lemma symmetric_design_image:
  assumes bij: "bij_betw \<phi> P {..<v}"
    and blocks: "\<And>b. b \<in> B \<Longrightarrow> b \<subseteq> P \<and> card b = k"
    and pairs: "\<And>x y. x \<in> P \<Longrightarrow> y \<in> P \<Longrightarrow> x \<noteq> y \<Longrightarrow> card {b\<in>B. x \<in> b \<and> y \<in> b} = c"
    and meets: "\<And>b1 b2. b1 \<in> B \<Longrightarrow> b2 \<in> B \<Longrightarrow> b1 \<noteq> b2 \<Longrightarrow> card (b1 \<inter> b2) = l"
  shows "symmetric_design v k c ((`) \<phi> ` B)"
proof -
  have inj: "inj_on \<phi> P" and img: "\<phi> ` P = {..<v}"
    using bij by (auto simp: bij_betw_def)
  have "\<Union>B \<subseteq> P" using blocks by blast
  then have inj_blocks: "inj_on ((`) \<phi>) B"
    by (intro inj_on_image inj_on_subset[OF inj])
  have card_img: "card (\<phi> ` b) = card b" if "b \<subseteq> P" for b
    using card_image[OF inj_on_subset[OF inj that]] .
  have img_Int: "\<phi> ` b1 \<inter> \<phi> ` b2 = \<phi> ` (b1 \<inter> b2)" if "b1 \<in> B" "b2 \<in> B" for b1 b2
    using inj_on_image_Int[OF inj] blocks that by auto
  have "\<forall>b'\<in>(`) \<phi> ` B. b' \<subseteq> {..<v} \<and> card b' = k"
    using blocks card_img img by (metis image_mono imageE)
  moreover have "\<forall>b1'\<in>(`) \<phi> ` B. \<forall>b2'\<in>(`) \<phi> ` B. b1' \<noteq> b2' \<longrightarrow> card (b1' \<inter> b2') = l"
  proof (intro ballI impI)
    fix b1' b2' assume "b1' \<in> (`) \<phi> ` B" "b2' \<in> (`) \<phi> ` B" "b1' \<noteq> b2'"
    then obtain b1 b2 where "b1 \<in> B" "b2 \<in> B" "b1' = \<phi> ` b1" "b2' = \<phi> ` b2" "b1 \<noteq> b2" by blast
    moreover have "b1 \<inter> b2 \<subseteq> P" using blocks \<open>b1 \<in> B\<close> by blast
    ultimately show "card (b1' \<inter> b2') = l"
      using img_Int card_img meets by simp
  qed
  moreover have "\<forall>x<v. \<forall>y<v. x \<noteq> y \<longrightarrow> card {b'\<in>(`) \<phi> ` B. x \<in> b' \<and> y \<in> b'} = c"
  proof (intro allI impI)
    fix x y assume "x < v" "y < v" "x \<noteq> y"
    then obtain x' y' where x'y': "x' \<in> P" "y' \<in> P" "x = \<phi> x'" "y = \<phi> y'" "x' \<noteq> y'"
      using img by (metis imageE lessThan_iff)
    have mem: "\<phi> z \<in> \<phi> ` b \<longleftrightarrow> z \<in> b" if "z \<in> P" "b \<in> B" for z b
      using inj_on_image_mem_iff[OF inj that(1)] blocks[OF that(2)] by blast
    have "{b'\<in>(`) \<phi> ` B. x \<in> b' \<and> y \<in> b'} = (`) \<phi> ` {b\<in>B. x' \<in> b \<and> y' \<in> b}"
      using mem[OF x'y'(1)] mem[OF x'y'(2)] unfolding x'y'(3,4) by blast
    then show "card {b'\<in>(`) \<phi> ` B. x \<in> b' \<and> y \<in> b'} = c"
      using card_image[OF inj_on_subset[OF inj_blocks]] pairs[OF x'y'(1,2,5)] by auto
  qed
  ultimately show ?thesis unfolding symmetric_design_def by blast
qed

text \<open>Both \<open>c D + 2\<close> and \<open>D (D - 1)\<close>, with \<open>D = e\<^sup>2 + t\<close>, are multiples of \<open>e + 1\<close>, and \<open>2 c + 4\<close>
  is an integer combination of them.\<close>

lemma succ_dvd_design_parameter:
  fixes e t k c :: int
  assumes "k * (e + 1) = t * (t - e)" and "c * (e^2 + t) = e - e^2"
  shows "(e + 1) dvd (2 * c + 4)"
proof -
  define D where "D = e^2 + t"
  define q where "q = k + e^2 * (e - 1) + t * (2 * e - 1)"
  have cD: "c * D + 2 = (e + 1) * (2 - e)"
    using assms(2) unfolding D_def by (simp add: algebra_simps power2_eq_square)
  have DD: "D * (D - 1) = (e + 1) * q"
  proof -
    have "(e + 1) * q = k * (e + 1) + (e + 1) * (e^2 * (e - 1) + t * (2 * e - 1))"
      unfolding q_def by (simp add: algebra_simps)
    also have "\<dots> = D * (D - 1)"
      unfolding assms(1) D_def by (simp add: algebra_simps power2_eq_square)
    finally show ?thesis by simp
  qed
  have "2 * c + 4 = 2 * (c * D + 2) - c * ((c * D + 2) * (D - 1) - c * (D * (D - 1)))"
    by (simp add: algebra_simps)
  also have "\<dots> = (e + 1) * (2 * (2 - e) - c * ((2 - e) * (D - 1) - c * q))"
    unfolding cD DD by (simp add: algebra_simps)
  finally show ?thesis by simp
qed

section \<open>Strongly regular graphs\<close>

locale strongly_regular_graph =
  fixes adj :: "'v::finite \<Rightarrow> 'v \<Rightarrow> bool" and k lam mu :: nat
  assumes adj_sym: "\<And>x y. adj x y \<Longrightarrow> adj y x" and adj_irrefl: "\<And>x. \<not> adj x x"
    and degree: "\<And>x. card {y. adj x y} = k"
    and common_neighbours:
      "\<And>x y. x \<noteq> y \<Longrightarrow> card {z. adj x z \<and> adj y z} = (if adj x y then lam else mu)"
begin

definition A :: "'v \<Rightarrow> 'v \<Rightarrow> real" where "A x y = (if adj x y then 1 else 0)"

definition A_mult :: "('v \<Rightarrow> real) \<Rightarrow> 'v \<Rightarrow> real" where "A_mult g x = (\<Sum>y\<in>UNIV. A x y * g y)"

lemma A_sym: "A x y = A y x"
  unfolding A_def by (auto dest: adj_sym)

lemma sum_A_row: "(\<Sum>y\<in>UNIV. A x y) = real k"
  using degree[of x] by (simp add: A_def sum.If_cases Collect_conv_if)

lemma sum_A_times_A:
  "(\<Sum>z\<in>UNIV. A x z * A z y) =
     (if y = x then real k else 0) + real lam * A x y + real mu * (1 - A x y - (if y = x then 1 else 0))"
proof -
  have "(\<Sum>z\<in>UNIV. A x z * A z y) = (\<Sum>z\<in>UNIV. of_bool (adj x z \<and> adj y z))"
    unfolding A_def using adj_sym by (intro sum.cong) auto
  then have common: "(\<Sum>z\<in>UNIV. A x z * A z y) = real (card {z. adj x z \<and> adj y z})"
    by simp
  show ?thesis
  proof (cases "y = x")
    case True then show ?thesis using common degree[of x] adj_irrefl by (simp add: A_def)
  next
    case False then show ?thesis using common common_neighbours[of x y] adj_sym by (auto simp: A_def)
  qed
qed

lemma A_mult_A_mult:
  "A_mult (A_mult g) x =
     (real lam - real mu) * A_mult g x + (real k - real mu) * g x + real mu * (\<Sum>y\<in>UNIV. g y)"
proof -
  have "A_mult (A_mult g) x = (\<Sum>z\<in>UNIV. \<Sum>y\<in>UNIV. A x z * A z y * g y)"
    unfolding A_mult_def by (simp add: sum_distrib_left mult.assoc)
  also have "\<dots> = (\<Sum>y\<in>UNIV. (\<Sum>z\<in>UNIV. A x z * A z y) * g y)"
    by (subst sum.swap) (simp add: sum_distrib_right)
  also have "\<dots> = (\<Sum>y\<in>UNIV. (if y = x then (real k - real mu) * g y else 0)
      + (real lam - real mu) * (A x y * g y) + real mu * g y)"
    by (intro sum.cong refl) (simp only: sum_A_times_A, auto simp: algebra_simps)
  also have "\<dots> = (real k - real mu) * g x + (real lam - real mu) * A_mult g x + real mu * (\<Sum>y\<in>UNIV. g y)"
    by (simp add: A_mult_def sum.distrib sum_distrib_left[symmetric])
  finally show ?thesis by (simp add: algebra_simps)
qed

lemma sum_A_mult: "(\<Sum>x\<in>UNIV. A_mult g x) = real k * (\<Sum>y\<in>UNIV. g y)"
proof -
  have "(\<Sum>x\<in>UNIV. A_mult g x) = (\<Sum>y\<in>UNIV. (\<Sum>x\<in>UNIV. A y x) * g y)"
    unfolding A_mult_def by (subst sum.swap) (simp add: sum_distrib_right A_sym)
  then show ?thesis by (simp add: sum_A_row sum_distrib_left)
qed

lemma A_mult_const: "A_mult (\<lambda>_. c) = (\<lambda>_. real k * c)"
  by (simp add: A_mult_def sum_distrib_right[symmetric] sum_A_row fun_eq_iff)

lemma card_mult_mu: "real CARD('v) * real mu = real k * real k - (real lam - real mu) * real k - (real k - real mu)"
  using A_mult_A_mult[of "\<lambda>_. 1"] by (simp add: A_mult_const algebra_simps)

lemma adj_matrix_mult_vec: "(adj_matrix adj *v x) $ i = A_mult (\<lambda>j. x $ j) i"
  unfolding adj_matrix_def A_mult_def A_def matrix_vector_mult_def by simp

lemma eigenvalue_quadratic:
  assumes "is_eigenvalue (adj_matrix adj) e" "e \<noteq> real k"
  shows "e * e = (real lam - real mu) * e + (real k - real mu)"
proof -
  obtain x where x: "x \<noteq> 0" "adj_matrix adj *v x = e *\<^sub>R x"
    using assms(1) unfolding is_eigenvalue_def by blast
  let ?g = "\<lambda>j. x $ j"
  have eig: "A_mult ?g = (\<lambda>i. e * ?g i)"
    using x(2) by (auto simp: adj_matrix_mult_vec[symmetric] vec_eq_iff)
  have "real k * (\<Sum>y\<in>UNIV. ?g y) = e * (\<Sum>y\<in>UNIV. ?g y)"
    using sum_A_mult[of ?g] by (simp add: eig sum_distrib_left)
  then have sum0: "(\<Sum>y\<in>UNIV. ?g y) = 0" using assms(2) by simp
  obtain i where i: "x $ i \<noteq> 0" using x(1) by (auto simp: vec_eq_iff)
  have "A_mult (A_mult ?g) i = A_mult (\<lambda>j. e * ?g j) i" by (simp only: eig)
  also have "\<dots> = e * A_mult ?g i"
    by (simp add: A_mult_def sum_distrib_left algebra_simps)
  also have "\<dots> = e * e * x $ i" by (simp add: eig)
  finally have "A_mult (A_mult ?g) i = e * e * x $ i" .
  then have "e * e * x $ i = ((real lam - real mu) * e + (real k - real mu)) * x $ i"
    using A_mult_A_mult[of ?g i] sum0 eig by (simp add: algebra_simps)
  then show ?thesis using i by simp
qed

definition nbrs_in :: "'v set \<Rightarrow> 'v \<Rightarrow> real" where "nbrs_in C x = (\<Sum>y\<in>C. A x y)"

lemma nbrs_in_eq_card: "nbrs_in C x = real (card (C \<inter> {y. adj x y}))"
  unfolding nbrs_in_def A_def by (simp add: sum.If_cases)

lemma sum_nbrs_in: "(\<Sum>x\<in>UNIV. nbrs_in C x) = real (card C) * real k"
proof -
  have "(\<Sum>x\<in>UNIV. nbrs_in C x) = (\<Sum>y\<in>C. \<Sum>x\<in>UNIV. A y x)"
    unfolding nbrs_in_def by (subst sum.swap) (simp add: A_sym)
  then show ?thesis by (simp add: sum_A_row)
qed

lemma sum_nbrs_in_squared:
  assumes "coclique adj C"
  shows "(\<Sum>x\<in>UNIV. nbrs_in C x * nbrs_in C x) =
    real (card C) * real k + real mu * (real (card C) * real (card C) - real (card C))"
proof -
  have "(\<Sum>x\<in>UNIV. nbrs_in C x * nbrs_in C x) = (\<Sum>y\<in>C. \<Sum>y'\<in>C. \<Sum>x\<in>UNIV. A y x * A x y')"
    unfolding nbrs_in_def sum_product by (subst sum.swap) (simp add: A_sym sum.swap[of _ UNIV])
  also have "\<dots> = (\<Sum>y\<in>C. \<Sum>y'\<in>C. (if y' = y then real k - real mu else 0) + real mu)"
    using assms by (intro sum.cong refl) (simp only: sum_A_times_A, auto simp: A_def coclique_def)
  also have "\<dots> = real (card C) * real k + real mu * (real (card C) * real (card C) - real (card C))"
    by (simp add: sum.distrib algebra_simps)
  finally show ?thesis .
qed

end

Exercise instructions:
What you write must be the entries restated word for word, from the opening line through the one holding "proof (intro ballI impI)", with nothing else.

Response to this task:
lemma symmetric_design_image:
  assumes bij: "bij_betw \<phi> P {..<v}"
    and blocks: "\<And>b. b \<in> B \<Longrightarrow> b \<subseteq> P \<and> card b = k"
    and pairs: "\<And>x y. x \<in> P \<Longrightarrow> y \<in> P \<Longrightarrow> x \<noteq> y \<Longrightarrow> card {b\<in>B. x \<in> b \<and> y \<in> b} = c"
    and meets: "\<And>b1 b2. b1 \<in> B \<Longrightarrow> b2 \<in> B \<Longrightarrow> b1 \<noteq> b2 \<Longrightarrow> card (b1 \<inter> b2) = l"
  shows "symmetric_design v k c ((`) \<phi> ` B)"
proof -
  have inj: "inj_on \<phi> P" and img: "\<phi> ` P = {..<v}"
    using bij by (auto simp: bij_betw_def)
  have "\<Union>B \<subseteq> P" using blocks by blast
  then have inj_blocks: "inj_on ((`) \<phi>) B"
    by (intro inj_on_image inj_on_subset[OF inj])
  have card_img: "card (\<phi> ` b) = card b" if "b \<subseteq> P" for b
    using card_image[OF inj_on_subset[OF inj that]] .
  have img_Int: "\<phi> ` b1 \<inter> \<phi> ` b2 = \<phi> ` (b1 \<inter> b2)" if "b1 \<in> B" "b2 \<in> B" for b1 b2
    using inj_on_image_Int[OF inj] blocks that by auto
  have "\<forall>b'\<in>(`) \<phi> ` B. b' \<subseteq> {..<v} \<and> card b' = k"
    using blocks card_img img by (metis image_mono imageE)
  moreover have "\<forall>b1'\<in>(`) \<phi> ` B. \<forall>b2'\<in>(`) \<phi> ` B. b1' \<noteq> b2' \<longrightarrow> card (b1' \<inter> b2') = l"
  proof (intro ballI impI)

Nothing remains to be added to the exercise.